YOUR INSTRUCTIONS ::
Please repeat the records below exactly, but only from the line that contains "((\<lambda>x. c *" onward, ending with the last line.

PROVIDED INFORMATION ::
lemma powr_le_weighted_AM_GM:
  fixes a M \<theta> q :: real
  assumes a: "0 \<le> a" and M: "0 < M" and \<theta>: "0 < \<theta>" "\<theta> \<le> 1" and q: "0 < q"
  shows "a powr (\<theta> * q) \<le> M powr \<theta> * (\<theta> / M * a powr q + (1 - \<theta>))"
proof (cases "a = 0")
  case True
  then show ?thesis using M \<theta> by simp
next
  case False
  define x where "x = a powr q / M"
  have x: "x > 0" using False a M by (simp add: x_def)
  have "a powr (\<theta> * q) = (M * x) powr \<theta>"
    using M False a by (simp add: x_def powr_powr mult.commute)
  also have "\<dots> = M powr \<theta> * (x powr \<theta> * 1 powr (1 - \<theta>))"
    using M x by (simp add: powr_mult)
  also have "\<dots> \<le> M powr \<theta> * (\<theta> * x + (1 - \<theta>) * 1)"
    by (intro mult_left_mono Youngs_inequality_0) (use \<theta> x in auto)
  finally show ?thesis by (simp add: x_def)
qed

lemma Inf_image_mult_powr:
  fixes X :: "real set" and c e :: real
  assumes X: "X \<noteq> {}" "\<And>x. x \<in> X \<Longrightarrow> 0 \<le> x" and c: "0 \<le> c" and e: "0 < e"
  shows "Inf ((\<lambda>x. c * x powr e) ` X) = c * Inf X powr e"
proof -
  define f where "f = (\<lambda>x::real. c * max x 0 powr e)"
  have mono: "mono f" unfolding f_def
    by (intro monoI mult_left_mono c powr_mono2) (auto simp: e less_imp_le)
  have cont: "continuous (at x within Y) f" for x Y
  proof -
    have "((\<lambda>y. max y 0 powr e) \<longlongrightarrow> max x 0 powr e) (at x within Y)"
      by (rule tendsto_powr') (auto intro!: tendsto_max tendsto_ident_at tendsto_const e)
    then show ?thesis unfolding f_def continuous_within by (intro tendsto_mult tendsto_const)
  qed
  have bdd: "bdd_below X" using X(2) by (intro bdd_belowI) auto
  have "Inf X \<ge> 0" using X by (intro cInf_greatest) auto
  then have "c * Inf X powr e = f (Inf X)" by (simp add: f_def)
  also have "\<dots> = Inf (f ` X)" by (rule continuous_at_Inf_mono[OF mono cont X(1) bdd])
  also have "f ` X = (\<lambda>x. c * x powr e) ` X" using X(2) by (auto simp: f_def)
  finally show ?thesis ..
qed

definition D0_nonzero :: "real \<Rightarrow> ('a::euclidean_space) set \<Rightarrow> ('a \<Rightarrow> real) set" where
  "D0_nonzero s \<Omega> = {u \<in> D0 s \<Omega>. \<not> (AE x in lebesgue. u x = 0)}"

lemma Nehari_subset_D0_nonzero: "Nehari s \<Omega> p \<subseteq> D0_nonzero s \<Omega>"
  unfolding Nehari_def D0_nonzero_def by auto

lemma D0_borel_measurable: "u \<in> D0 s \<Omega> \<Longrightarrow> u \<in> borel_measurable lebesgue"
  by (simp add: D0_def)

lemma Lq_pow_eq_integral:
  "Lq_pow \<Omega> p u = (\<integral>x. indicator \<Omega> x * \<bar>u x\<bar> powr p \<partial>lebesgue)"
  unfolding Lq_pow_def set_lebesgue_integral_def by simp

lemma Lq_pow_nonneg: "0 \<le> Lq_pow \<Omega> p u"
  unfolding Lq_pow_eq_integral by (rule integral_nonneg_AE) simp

RESPONSE AREA ::
  shows "Inf ((\<lambda>x. c * x powr e) ` X) = c * Inf X powr e"
proof -
  define f where "f = (\<lambda>x::real. c * max x 0 powr e)"
  have mono: "mono f" unfolding f_def
    by (intro monoI mult_left_mono c powr_mono2) (auto simp: e less_imp_le)
  have cont: "continuous (at x within Y) f" for x Y
  proof -
    have "((\<lambda>y. max y 0 powr e) \<longlongrightarrow> max x 0 powr e) (at x within Y)"
      by (rule tendsto_powr') (auto intro!: tendsto_max tendsto_ident_at tendsto_const e)
    then show ?thesis unfolding f_def continuous_within by (intro tendsto_mult tendsto_const)
  qed
  have bdd: "bdd_below X" using X(2) by (intro bdd_belowI) auto
  have "Inf X \<ge> 0" using X by (intro cInf_greatest) auto
  then have "c * Inf X powr e = f (Inf X)" by (simp add: f_def)
  also have "\<dots> = Inf (f ` X)" by (rule continuous_at_Inf_mono[OF mono cont X(1) bdd])
  also have "f ` X = (\<lambda>x. c * x powr e) ` X" using X(2) by (auto simp: f_def)
  finally show ?thesis ..
qed

definition D0_nonzero :: "real \<Rightarrow> ('a::euclidean_space) set \<Rightarrow> ('a \<Rightarrow> real) set" where
  "D0_nonzero s \<Omega> = {u \<in> D0 s \<Omega>. \<not> (AE x in lebesgue. u x = 0)}"

lemma Nehari_subset_D0_nonzero: "Nehari s \<Omega> p \<subseteq> D0_nonzero s \<Omega>"
  unfolding Nehari_def D0_nonzero_def by auto

lemma D0_borel_measurable: "u \<in> D0 s \<Omega> \<Longrightarrow> u \<in> borel_measurable lebesgue"
  by (simp add: D0_def)

lemma Lq_pow_eq_integral:
  "Lq_pow \<Omega> p u = (\<integral>x. indicator \<Omega> x * \<bar>u x\<bar> powr p \<partial>lebesgue)"
  unfolding Lq_pow_def set_lebesgue_integral_def by simp

lemma Lq_pow_nonneg: "0 \<le> Lq_pow \<Omega> p u"
  unfolding Lq_pow_eq_integral by (rule integral_nonneg_AE) simp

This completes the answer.